* What you will do *
Pick out the lines below that include the string "else".

* The data *
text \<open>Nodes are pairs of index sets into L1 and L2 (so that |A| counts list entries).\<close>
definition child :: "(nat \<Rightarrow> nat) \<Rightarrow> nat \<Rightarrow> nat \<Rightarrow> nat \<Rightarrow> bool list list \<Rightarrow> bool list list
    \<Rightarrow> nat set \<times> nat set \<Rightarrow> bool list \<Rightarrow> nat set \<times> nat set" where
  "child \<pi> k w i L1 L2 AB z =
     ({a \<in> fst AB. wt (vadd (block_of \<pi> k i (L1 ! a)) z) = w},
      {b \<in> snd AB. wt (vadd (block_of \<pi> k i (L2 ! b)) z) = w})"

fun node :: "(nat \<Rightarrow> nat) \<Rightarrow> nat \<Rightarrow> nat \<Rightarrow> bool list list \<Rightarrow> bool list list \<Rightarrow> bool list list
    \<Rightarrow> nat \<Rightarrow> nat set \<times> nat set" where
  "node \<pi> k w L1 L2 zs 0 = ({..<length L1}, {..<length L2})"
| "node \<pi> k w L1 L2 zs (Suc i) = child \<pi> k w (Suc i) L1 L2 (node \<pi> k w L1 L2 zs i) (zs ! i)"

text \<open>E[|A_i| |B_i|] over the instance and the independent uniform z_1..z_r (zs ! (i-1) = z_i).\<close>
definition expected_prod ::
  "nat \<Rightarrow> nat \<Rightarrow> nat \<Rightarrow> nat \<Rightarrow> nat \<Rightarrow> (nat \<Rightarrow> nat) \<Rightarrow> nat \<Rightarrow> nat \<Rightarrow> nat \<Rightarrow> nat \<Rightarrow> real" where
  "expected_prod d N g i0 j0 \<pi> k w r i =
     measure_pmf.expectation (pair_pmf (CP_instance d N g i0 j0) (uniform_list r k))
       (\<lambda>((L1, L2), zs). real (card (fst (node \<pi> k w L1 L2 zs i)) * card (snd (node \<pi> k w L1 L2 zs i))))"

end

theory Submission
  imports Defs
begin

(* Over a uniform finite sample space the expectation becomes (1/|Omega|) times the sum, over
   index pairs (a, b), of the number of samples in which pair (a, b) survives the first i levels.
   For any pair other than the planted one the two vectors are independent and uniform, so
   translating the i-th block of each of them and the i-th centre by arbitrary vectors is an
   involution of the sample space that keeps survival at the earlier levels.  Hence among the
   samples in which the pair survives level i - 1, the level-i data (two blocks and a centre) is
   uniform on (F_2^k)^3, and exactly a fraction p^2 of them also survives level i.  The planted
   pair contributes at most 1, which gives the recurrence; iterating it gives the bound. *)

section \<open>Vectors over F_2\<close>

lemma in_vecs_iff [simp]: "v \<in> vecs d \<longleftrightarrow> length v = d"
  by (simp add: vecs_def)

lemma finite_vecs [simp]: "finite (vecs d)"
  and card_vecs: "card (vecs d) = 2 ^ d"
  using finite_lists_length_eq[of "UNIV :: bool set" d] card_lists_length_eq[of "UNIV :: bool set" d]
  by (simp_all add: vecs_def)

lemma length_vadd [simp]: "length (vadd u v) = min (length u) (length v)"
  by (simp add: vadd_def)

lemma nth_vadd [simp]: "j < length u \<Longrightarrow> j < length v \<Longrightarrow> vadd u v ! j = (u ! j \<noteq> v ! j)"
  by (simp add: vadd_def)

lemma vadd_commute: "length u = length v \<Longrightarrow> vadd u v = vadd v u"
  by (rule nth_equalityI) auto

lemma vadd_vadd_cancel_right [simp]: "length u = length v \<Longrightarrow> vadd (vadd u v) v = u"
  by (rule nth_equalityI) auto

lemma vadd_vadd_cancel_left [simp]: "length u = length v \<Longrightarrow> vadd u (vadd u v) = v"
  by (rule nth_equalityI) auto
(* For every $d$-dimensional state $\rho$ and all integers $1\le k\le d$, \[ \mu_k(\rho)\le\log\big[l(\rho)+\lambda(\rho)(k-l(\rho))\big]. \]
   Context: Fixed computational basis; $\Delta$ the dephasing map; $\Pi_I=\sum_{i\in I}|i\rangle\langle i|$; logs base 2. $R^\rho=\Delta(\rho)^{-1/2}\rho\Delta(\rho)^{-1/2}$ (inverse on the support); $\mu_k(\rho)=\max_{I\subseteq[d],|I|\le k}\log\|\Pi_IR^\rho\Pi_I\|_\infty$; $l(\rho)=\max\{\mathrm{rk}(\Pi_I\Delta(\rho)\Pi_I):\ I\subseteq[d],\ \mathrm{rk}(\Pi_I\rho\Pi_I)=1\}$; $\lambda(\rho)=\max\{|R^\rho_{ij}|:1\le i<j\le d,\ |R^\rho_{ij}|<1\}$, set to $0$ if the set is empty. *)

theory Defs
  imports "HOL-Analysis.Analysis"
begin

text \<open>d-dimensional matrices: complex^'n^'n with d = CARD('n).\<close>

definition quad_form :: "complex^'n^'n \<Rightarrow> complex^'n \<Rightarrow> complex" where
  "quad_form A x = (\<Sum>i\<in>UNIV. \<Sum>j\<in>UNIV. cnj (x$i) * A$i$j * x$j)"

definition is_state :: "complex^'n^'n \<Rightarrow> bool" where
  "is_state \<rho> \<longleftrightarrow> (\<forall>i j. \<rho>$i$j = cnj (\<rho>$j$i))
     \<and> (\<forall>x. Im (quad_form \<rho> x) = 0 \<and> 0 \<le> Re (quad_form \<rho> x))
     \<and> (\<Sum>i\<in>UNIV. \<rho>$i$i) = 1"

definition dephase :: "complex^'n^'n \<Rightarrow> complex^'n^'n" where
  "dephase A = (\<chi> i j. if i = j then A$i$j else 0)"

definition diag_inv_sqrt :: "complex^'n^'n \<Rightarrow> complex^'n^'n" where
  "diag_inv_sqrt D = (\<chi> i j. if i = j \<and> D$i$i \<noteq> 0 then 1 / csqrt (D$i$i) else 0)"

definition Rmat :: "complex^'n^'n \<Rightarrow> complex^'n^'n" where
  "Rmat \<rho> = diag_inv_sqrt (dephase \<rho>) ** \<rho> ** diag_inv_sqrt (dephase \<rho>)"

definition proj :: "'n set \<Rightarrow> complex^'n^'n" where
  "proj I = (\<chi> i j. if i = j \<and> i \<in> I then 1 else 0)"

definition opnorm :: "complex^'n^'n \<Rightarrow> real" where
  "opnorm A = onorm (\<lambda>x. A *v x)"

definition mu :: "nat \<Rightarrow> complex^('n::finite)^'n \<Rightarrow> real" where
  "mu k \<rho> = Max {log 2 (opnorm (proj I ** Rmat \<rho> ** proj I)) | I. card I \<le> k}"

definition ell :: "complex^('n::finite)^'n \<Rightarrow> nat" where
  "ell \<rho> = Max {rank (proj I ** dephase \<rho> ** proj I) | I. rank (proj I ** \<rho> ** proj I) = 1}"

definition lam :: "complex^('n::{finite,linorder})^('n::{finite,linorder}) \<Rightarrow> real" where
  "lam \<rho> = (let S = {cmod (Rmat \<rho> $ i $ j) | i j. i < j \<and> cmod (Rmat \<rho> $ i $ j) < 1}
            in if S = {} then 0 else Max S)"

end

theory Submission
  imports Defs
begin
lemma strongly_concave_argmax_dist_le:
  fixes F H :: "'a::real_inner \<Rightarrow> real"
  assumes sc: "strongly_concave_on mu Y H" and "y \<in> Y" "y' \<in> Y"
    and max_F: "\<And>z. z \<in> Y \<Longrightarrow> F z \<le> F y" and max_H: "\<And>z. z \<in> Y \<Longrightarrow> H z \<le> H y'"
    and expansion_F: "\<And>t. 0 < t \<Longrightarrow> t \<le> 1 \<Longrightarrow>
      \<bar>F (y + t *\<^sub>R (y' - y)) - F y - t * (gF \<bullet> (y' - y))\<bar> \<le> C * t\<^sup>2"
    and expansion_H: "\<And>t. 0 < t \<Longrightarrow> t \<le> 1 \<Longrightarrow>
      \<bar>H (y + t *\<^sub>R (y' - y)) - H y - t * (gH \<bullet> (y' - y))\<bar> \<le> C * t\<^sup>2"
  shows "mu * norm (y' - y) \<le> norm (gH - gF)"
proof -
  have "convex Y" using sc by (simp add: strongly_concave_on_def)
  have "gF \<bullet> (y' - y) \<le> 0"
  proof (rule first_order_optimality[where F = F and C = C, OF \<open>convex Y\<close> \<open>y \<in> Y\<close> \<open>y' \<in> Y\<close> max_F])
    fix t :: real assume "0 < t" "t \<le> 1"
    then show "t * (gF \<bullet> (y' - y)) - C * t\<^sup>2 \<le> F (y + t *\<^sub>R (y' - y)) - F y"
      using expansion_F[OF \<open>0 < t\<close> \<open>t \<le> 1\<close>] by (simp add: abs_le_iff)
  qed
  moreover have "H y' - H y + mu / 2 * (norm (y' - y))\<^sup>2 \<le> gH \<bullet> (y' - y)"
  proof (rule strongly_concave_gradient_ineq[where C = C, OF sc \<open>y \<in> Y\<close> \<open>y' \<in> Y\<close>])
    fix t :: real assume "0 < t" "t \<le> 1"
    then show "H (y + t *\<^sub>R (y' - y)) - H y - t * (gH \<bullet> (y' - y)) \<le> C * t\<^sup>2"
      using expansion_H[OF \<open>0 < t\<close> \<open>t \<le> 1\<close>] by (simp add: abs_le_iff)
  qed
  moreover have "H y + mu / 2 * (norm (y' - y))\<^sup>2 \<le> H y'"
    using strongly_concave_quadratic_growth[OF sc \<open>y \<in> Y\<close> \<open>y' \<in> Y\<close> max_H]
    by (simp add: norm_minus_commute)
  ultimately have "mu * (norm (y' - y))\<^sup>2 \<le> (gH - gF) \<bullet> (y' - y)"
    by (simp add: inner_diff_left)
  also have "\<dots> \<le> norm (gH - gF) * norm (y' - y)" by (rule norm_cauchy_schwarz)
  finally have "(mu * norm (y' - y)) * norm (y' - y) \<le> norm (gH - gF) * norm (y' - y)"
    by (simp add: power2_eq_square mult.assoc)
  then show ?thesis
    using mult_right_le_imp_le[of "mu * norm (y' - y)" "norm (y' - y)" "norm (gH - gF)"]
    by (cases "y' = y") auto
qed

* Task solution *
  "dephase A = (\<chi> i j. if i = j then A$i$j else 0)"
  "diag_inv_sqrt D = (\<chi> i j. if i = j \<and> D$i$i \<noteq> 0 then 1 / csqrt (D$i$i) else 0)"
  "proj I = (\<chi> i j. if i = j \<and> i \<in> I then 1 else 0)"
            in if S = {} then 0 else Max S)"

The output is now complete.